- PROBLEM STATEMENT
Could you filter the data below down to the lines that hold the word "rule"?

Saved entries

● ● ● ●

lemma qcomb_qmid: "qcomb (qmid xs ys) v = (1/2) *\<^sub>R (qcomb xs v + qcomb ys v)"
proof -
  define S where "S = {..<max (length xs) (length ys)}"
  have S: "{..<length (qmid xs ys)} \<subseteq> S" "{..<length xs} \<subseteq> S" "{..<length ys} \<subseteq> S"
    by (auto simp: S_def qmid_def)
  have "qcomb (qmid xs ys) v = (\<Sum>i\<in>S. (1/2) *\<^sub>R (qweight xs i *\<^sub>R v i) + (1/2) *\<^sub>R (qweight ys i *\<^sub>R v i))"
    by (simp add: qcomb_eq_sum[OF _ S(1)] qweight_qmid add_divide_distrib scaleR_add_left S_def)
  also have "\<dots> = (1/2) *\<^sub>R (qcomb xs v + qcomb ys v)"
    by (simp add: sum.distrib scaleR_add_right scaleR_sum_right qcomb_eq_sum[OF _ S(2)] qcomb_eq_sum[OF _ S(3)] S_def)
  finally show ?thesis .
qed

lemma norm_qcomb_sq_le:
  assumes "qconvex n xs"
  shows "(norm (qcomb xs v))\<^sup>2 \<le> (\<Sum>i<length xs. qweight xs i * (norm (v i))\<^sup>2)"
proof -
  have "norm (qcomb xs v) \<le> (\<Sum>i<length xs. qweight xs i * norm (v i))"
    unfolding qcomb_def using qweight_nonneg[OF assms]
    by (intro order_trans[OF norm_sum]) (simp add: abs_of_nonneg)
  then have "(norm (qcomb xs v))\<^sup>2 \<le> (\<Sum>i<length xs. qweight xs i * norm (v i))\<^sup>2"
    by (intro power_mono) auto
  also have "\<dots> \<le> (\<Sum>i<length xs. qweight xs i * (norm (v i))\<^sup>2)"
    using assms qweight_nonneg[OF assms] sum_qweight[OF assms]
    by (intro convex_on_sum[OF _ _ convex_power2, simplified]) (auto simp: qconvex_def)
  finally show ?thesis .
qed

lemma qconvex_unit: "qconvex n (replicate n 0 @ [1])"
  by (auto simp: qconvex_def nth_append sum_list_replicate)

section \<open>Measurability in the parameter \<open>P\<close>\<close>

lemma space_PM: "Ps \<in> sets (prob_algebra borel) \<Longrightarrow> space (PM Ps) = Ps"
  unfolding PM_def using sets.sets_into_space by (auto simp: space_restrict_space)

lemma
  assumes "Ps \<in> sets (prob_algebra (borel :: 'a::topological_space measure))" "P \<in> Ps"
  shows prob_space_PM: "prob_space P" and sets_PM: "sets P = sets (borel :: 'a measure)"
proof -
  have "P \<in> space (prob_algebra (borel :: 'a measure))"
    using assms sets.sets_into_space by blast
  then show "prob_space P" "sets P = sets (borel :: 'a measure)"
    by (auto simp: space_prob_algebra)
qed

lemma nn_integral_measurable_PM:
  assumes "(\<lambda>(P, \<omega>). F P \<omega>) \<in> borel_measurable (PM Ps \<Otimes>\<^sub>M borel)"
  shows "(\<lambda>P. \<integral>\<^sup>+\<omega>. F P \<omega> \<partial>P) \<in> borel_measurable (PM Ps)"
proof (rule nn_integral_measurable_subprob_algebra2[OF assms])
  show "(\<lambda>P. P) \<in> measurable (PM Ps) (subprob_algebra borel)"
    unfolding PM_def
    by (intro measurable_restrict_space1 measurable_prob_algebraD measurable_ident_sets) simp
qed

lemma measurable_PM_slice:
  assumes Ps: "Ps \<in> sets (prob_algebra (borel :: 'a::topological_space measure))" and P: "P \<in> Ps"
    and F: "(\<lambda>(P, \<omega>). F P \<omega>) \<in> borel_measurable (PM Ps \<Otimes>\<^sub>M (borel :: 'a measure))"
  shows "F P \<in> borel_measurable P"
proof -
  have "(\<lambda>\<omega>. (\<lambda>(P, \<omega>). F P \<omega>) (P, \<omega>)) \<in> borel_measurable (borel :: 'a measure)"
    by (rule measurable_Pair2[OF F]) (simp add: space_PM[OF Ps] P)
  then show ?thesis
    by (simp add: measurable_cong_sets[OF sets_PM[OF Ps P] refl])
qed

lemma conv_comb_measurable:
  assumes cw: "conv_weights Ps N lam"
    and f: "\<And>i. (\<lambda>(P, \<omega>). f i P \<omega>) \<in> borel_measurable (PM Ps \<Otimes>\<^sub>M (borel :: 'a::topological_space measure))"
  shows "(\<lambda>(P, \<omega>). (conv_comb N lam f n P \<omega> :: 'b::euclidean_space)) \<in> borel_measurable (PM Ps \<Otimes>\<^sub>M (borel :: 'a measure))"
proof -
  have N: "(\<lambda>x. N n (fst x)) \<in> measurable (PM Ps \<Otimes>\<^sub>M (borel :: 'a measure)) (count_space UNIV)"
    using cw unfolding conv_weights_def by (intro measurable_compose[OF measurable_fst]) auto
  have [measurable]: "(\<lambda>x. lam n i (fst x)) \<in> borel_measurable (PM Ps \<Otimes>\<^sub>M (borel :: 'a measure))" for i
    using cw unfolding conv_weights_def by (intro measurable_compose[OF measurable_fst]) auto
  have [measurable]: "(\<lambda>x. f i (fst x) (snd x)) \<in> borel_measurable (PM Ps \<Otimes>\<^sub>M (borel :: 'a measure))" for i
    using f[of i] by (simp add: split_beta')
  have "(\<lambda>x. (\<lambda>k x. \<Sum>i=n..k. lam n i (fst x) *\<^sub>R f i (fst x) (snd x)) (N n (fst x)) x)
      \<in> borel_measurable (PM Ps \<Otimes>\<^sub>M (borel :: 'a measure))"
    by (rule measurable_compose_countable[OF _ N]) measurable
  then show ?thesis by (simp add: conv_comb_def split_beta')
qed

● ● ● ●

- OUTPUT
proof (rule nn_integral_measurable_subprob_algebra2[OF assms])
    by (rule measurable_Pair2[OF F]) (simp add: space_PM[OF Ps] P)
    by (rule measurable_compose_countable[OF _ N]) measurable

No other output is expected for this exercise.